▶ **Exercise objective**:
Your answer is every line of the material below in which the string "forall" occurs.

▶ **Excerpted records**:

━━━

(* Let $n_1,n_2,n_3,r$ be positive integers with $r\le\min(n_1,n_2)$, and let $$\mathscr{S}_r=\{\mathcal{X}\in\mathbb{R}^{n_1\times n_2\times n_3}:\ \mathrm{rank}_t(\mathcal{X})\le r,\ \|\mathcal{X}\|_F=1\}.$$ Then for every $0<\epsilon<1$ the covering number of $\mathscr{S}_r$ with respect to the Frobenius norm satisfies $$\mathscr{N}(\mathscr{S}_r,\|\cdot\|_F,\epsilon)\le (9/\epsilon)^{\,r\cdot r\cdot n_3+n_1\cdot r\cdot n_3+n_2\cdot r\cdot n_3}.$$
   Context: The tensor tubal rank $\mathrm{rank}_t(\mathcal{X})$ of $\mathcal{X}\in\mathbb{R}^{n_1\times n_2\times n_3}$ is the number of nonzero singular tubes $\mathcal{S}(i,i,:)$ in the central f-diagonal factor $\mathcal{S}$ of the t-SVD $\mathcal{X}=\mathcal{U}*\mathcal{S}*\mathcal{V}^*$ (t-product, t-SVD: $\mathcal{X}$ is factored via SVDs of its frontal slices after a DFT along the third mode; equivalently $\mathrm{rank}_t(\mathcal{X})$ is the maximum over $k$ of the rank of the $k$-th frontal slice of the DFT of $\mathcal{X}$ along the third dimension). For a subset $\mathscr{X}$ of a normed space, an $\epsilon$-net is a subset $N\subset\mathscr{X}$ such that every point of $\mathscr{X}$ is within distance $\epsilon$ of some point of $N$; the covering number $\mathscr{N}(\mathscr{X},\|\cdot\|,\epsilon)$ is the minimal cardinality of an $\epsilon$-net. *)

theory Defs
  imports "HOL-Analysis.Analysis" "Jordan_Normal_Form.DL_Rank"
begin

text \<open>A real third-order tensor of size n1 x n2 x n3 is represented as a function
  nat => nat => nat => real (0-based indices) that vanishes outside the index box.\<close>

type_synonym tensor3 = "nat \<Rightarrow> nat \<Rightarrow> nat \<Rightarrow> real"

definition tensors :: "nat \<Rightarrow> nat \<Rightarrow> nat \<Rightarrow> tensor3 set" where
  "tensors n1 n2 n3 = {X. \<forall>i j k. (n1 \<le> i \<or> n2 \<le> j \<or> n3 \<le> k) \<longrightarrow> X i j k = 0}"

definition frob_norm :: "nat \<Rightarrow> nat \<Rightarrow> nat \<Rightarrow> tensor3 \<Rightarrow> real" where
  "frob_norm n1 n2 n3 X = sqrt (\<Sum>i<n1. \<Sum>j<n2. \<Sum>k<n3. (X i j k)\<^sup>2)"

definition frob_dist :: "nat \<Rightarrow> nat \<Rightarrow> nat \<Rightarrow> tensor3 \<Rightarrow> tensor3 \<Rightarrow> real" where
  "frob_dist n1 n2 n3 X Y = frob_norm n1 n2 n3 (\<lambda>i j k. X i j k - Y i j k)"

definition dft_slice :: "nat \<Rightarrow> nat \<Rightarrow> nat \<Rightarrow> tensor3 \<Rightarrow> nat \<Rightarrow> complex mat" where
  "dft_slice n1 n2 n3 X k = mat n1 n2 (\<lambda>(i, j).
     \<Sum>l<n3. complex_of_real (X i j l) *
       cis (- 2 * pi * real k * real l / real n3))"

definition tubal_rank :: "nat \<Rightarrow> nat \<Rightarrow> nat \<Rightarrow> tensor3 \<Rightarrow> nat" where
  "tubal_rank n1 n2 n3 X = Max ((\<lambda>k. vec_space.rank n1 (dft_slice n1 n2 n3 X k)) ` {..<n3})"

definition eps_net :: "('a \<Rightarrow> 'a \<Rightarrow> real) \<Rightarrow> 'a set \<Rightarrow> real \<Rightarrow> 'a set \<Rightarrow> bool" where
  "eps_net d S \<epsilon> N \<longleftrightarrow> N \<subseteq> S \<and> (\<forall>x\<in>S. \<exists>y\<in>N. d x y \<le> \<epsilon>)"

definition covering_number :: "('a \<Rightarrow> 'a \<Rightarrow> real) \<Rightarrow> 'a set \<Rightarrow> real \<Rightarrow> ereal" where
  "covering_number d S \<epsilon> = (INF N \<in> {N. finite N \<and> eps_net d S \<epsilon> N}. ereal (real (card N)))"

━━━

▶ **Result for this task**:
  "tensors n1 n2 n3 = {X. \<forall>i j k. (n1 \<le> i \<or> n2 \<le> j \<or> n3 \<le> k) \<longrightarrow> X i j k = 0}"
  "eps_net d S \<epsilon> N \<longleftrightarrow> N \<subseteq> S \<and> (\<forall>x\<in>S. \<exists>y\<in>N. d x y \<le> \<epsilon>)"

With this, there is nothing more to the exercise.